I have a signal affected by Doppler effect. In general, the Doppler effect changes the scale of the time and frequency domains. So, to undo this phenomenon, I am using a sampling rate converter. Two possible implementations using polyphase structures are shown in Figures 1 and 2. They both work fine as expected. The recovered signal has no Doppler shift. Possible realization of an L/M sampling rate converter (a). Possible realization of an L/M sampling rate converter (b)..

However, while in presence of dynamic Doppler, i.e. the compression/expansion factor varies over time, I am not sure if this solution is appropriate. I am buffering the signal, and for each buffer I compute the corresponding $L$ and $M$ factors that undo the Doppler effect. Nevertheless, there exists a trade-off between buffer length and the frequency resolution. In other words, in a buffer I still have a varying Doppler shift, so the $L/M$ ratio should not be a constant during a single buffer.

Is there a way of apply a sample-to-sample method to undo dynamic Doppler effect? I am currently interested in software-based solutions, not hardware-based ones. For example, in hardware I would dynamically modify the sampling rate. What about in software? How can I dynamically modify the sampling rate?

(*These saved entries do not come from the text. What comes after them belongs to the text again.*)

lemma alternating_verblunsky_example:
  "1 / 2 \<le> (-1) ^ k * Im (verblunsky (example_moments (dominance_time k)) 0)"
proof -
  let ?T = "dominance_time k"
  define g where "g j = (-1) ^ k * Im (node j) - 1 / 2" for j
  have "\<bar>g j\<bar> \<le> 3 / 2" for j
    using abs_triangle_ineq4[of "(-1) ^ k * Im (node j)" "1 / 2"] abs_Im_node_le_1[of j]
    by (simp add: g_def abs_mult)
  note estimate = suminf_mass_at_dominance_time[of g k, OF this]
  have g_k: "3 / 10 \<le> g k"
    using Im_node_alternating[of k] by (simp add: g_def mult.commute)
  have "0 \<le> (\<Sum>j. mass j ?T * g j)"
    using estimate(2)[unfolded abs_le_iff] mult_left_mono[OF g_k less_imp_le[OF mass_pos[of k ?T]]]
      mass_pos[of k ?T] by linarith
  also have "(\<Sum>j. mass j ?T * g j) = (\<Sum>j. (-1) ^ k * (mass j ?T * Im (node j)) - 1 / 2 * mass j ?T)"
    by (simp add: g_def algebra_simps)
  also have "\<dots> = (-1) ^ k * (\<Sum>j. mass j ?T * Im (node j)) - 1 / 2 * (\<Sum>j. mass j ?T)"
    using suminf_diff[OF summable_mult[OF summable_mass_Im[of ?T], of "(-1) ^ k"] summable_mult[OF summable_mass[of ?T], of "1 / 2"]]
      suminf_mult[OF summable_mass_Im[of ?T], of "(-1) ^ k"] suminf_mult[OF summable_mass[of ?T], of "1 / 2"]
    by simp
  finally show ?thesis
    using suminf_pos[OF summable_mass mass_pos, of ?T]
    by (simp add: Im_verblunsky_example_0 field_simps)
qed

lemma not_tendsto_of_alternating_signs:
  fixes g :: "real \<Rightarrow> real" and s :: "nat \<Rightarrow> real"
  assumes s: "filterlim s at_top sequentially" and "0 < c"
    and alternating: "\<And>k. c \<le> (-1) ^ k * g (s k)"
  shows "\<not> (g \<longlongrightarrow> L) at_top"
proof
  assume "(g \<longlongrightarrow> L) at_top"
  then have "(\<lambda>k. g (s k)) \<longlonglongrightarrow> L"
    using s by (rule filterlim_compose)
  then obtain N where N: "\<And>k. N \<le> k \<Longrightarrow> \<bar>g (s k) - L\<bar> < c"
    using \<open>0 < c\<close> unfolding LIMSEQ_iff by (metis real_norm_def)
  have "c \<le> g (s (2 * N))" and "c \<le> - g (s (Suc (2 * N)))"
    using alternating[of "2 * N"] alternating[of "Suc (2 * N)"] by (simp_all add: power_mult)
  moreover have "\<bar>g (s (2 * N)) - L\<bar> < c" and "\<bar>g (s (Suc (2 * N))) - L\<bar> < c"
    by (simp_all add: N)
  ultimately show False by (simp add: abs_less_iff)
qed

lemma filterlim_dominance_time: "filterlim dominance_time at_top sequentially"
proof (rule filterlim_at_top_mono[OF filterlim_real_sequentially])
  have "real k \<le> 1 * (4 ^ (k + 2) + real k + 4)" for k
    by simp
  also have "\<dots> k \<le> dominance_time k" for k
    unfolding dominance_time_def by (rule mult_right_mono) simp_all
  finally show "\<forall>\<^sub>F k in sequentially. real k \<le> dominance_time k"
    by simp
qed

theorem proposition1p3:
  shows "\<exists>a0 :: nat \<Rightarrow> complex. (\<forall>n. norm (a0 n) < 1) \<and>
           (\<exists>\<alpha>. schur_flow_solution a0 \<alpha>) \<and>
           (\<forall>\<alpha>. schur_flow_solution a0 \<alpha> \<longrightarrow>
                  \<not> (\<exists>L. ((\<lambda>t. \<alpha> 0 t) \<longlongrightarrow> L) at_top))"
proof (rule exI[of _ "\<lambda>n. verblunsky (example_moments 0) n"], intro conjI allI impI)
  let ?\<beta> = "\<lambda>n t. verblunsky (example_moments t) n"
  have flow: "schur_flow_solution (\<lambda>n. ?\<beta> n 0) ?\<beta>"
    by (rule moment_flow.schur_flow_solution_verblunsky[OF moment_flow_example_moments])
  then show "norm (?\<beta> n 0) < 1" for n
    by (rule schur_flow_solutionD)
  from flow show "\<exists>\<alpha>. schur_flow_solution (\<lambda>n. ?\<beta> n 0) \<alpha>" by blast
  fix \<alpha> assume \<alpha>: "schur_flow_solution (\<lambda>n. ?\<beta> n 0) \<alpha>"
  have "1 / 2 \<le> (-1) ^ k * Im (\<alpha> 0 (dominance_time k))" for k
    using alternating_verblunsky_example[of k] schur_flow_solution_unique[OF \<alpha> flow, of "dominance_time k"]
    by (simp add: dominance_time_def)
  then have "\<not> ((\<lambda>t. Im (\<alpha> 0 t)) \<longlongrightarrow> Im L) at_top" for L
    by (intro not_tendsto_of_alternating_signs[OF filterlim_dominance_time, where c = "1 / 2"]) auto
  then show "\<not> (\<exists>L. ((\<lambda>t. \<alpha> 0 t) \<longlongrightarrow> L) at_top)"
    using tendsto_Im by blast
qed

end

Both figures were taken from:

R. E. Crochiere and L. R. Rabiner, Multirate Digital Signal Processing. Englewood Cliffs, NJ: Prentice-Hall, 1983

  • 2
    $\begingroup$ Yes, you need a sample-rate converter whose resampling factor changes with time. The most straightforward way to do this is to maintain a NCO that indicates "what sample from the input stream should I output next." That NCO has a fractional component that indicates the subsample offset that your sample rate converter needs to create for each output sample. You can then use whichever resampling implementation structure that you want in order to effect the appropriate offset. $\endgroup$
    – Jason R
    Jun 26, 2018 at 15:01

1 Answer 1


If the only reason for the buffer is so your algorithm has something to process, then the simplest way to implement this is to keep your current algorithm but use a shorter buffer. If the larger buffer was present for other reasons (i.e. data arrives in large chunks), then keep that larger buffer, but feed it into a shorter buffer that is given to your processing code. (It seems any algorithm able to recognize Doppler shift in a given snapshot must also be able to process that same snapshot.) In this way you can keep your current algorithm, and tailor the short buffer length as desired. I can't imagine how an algorithm specifically designed to do this per sample would be of benefit, unless it takes less CPU--which seems unlikely.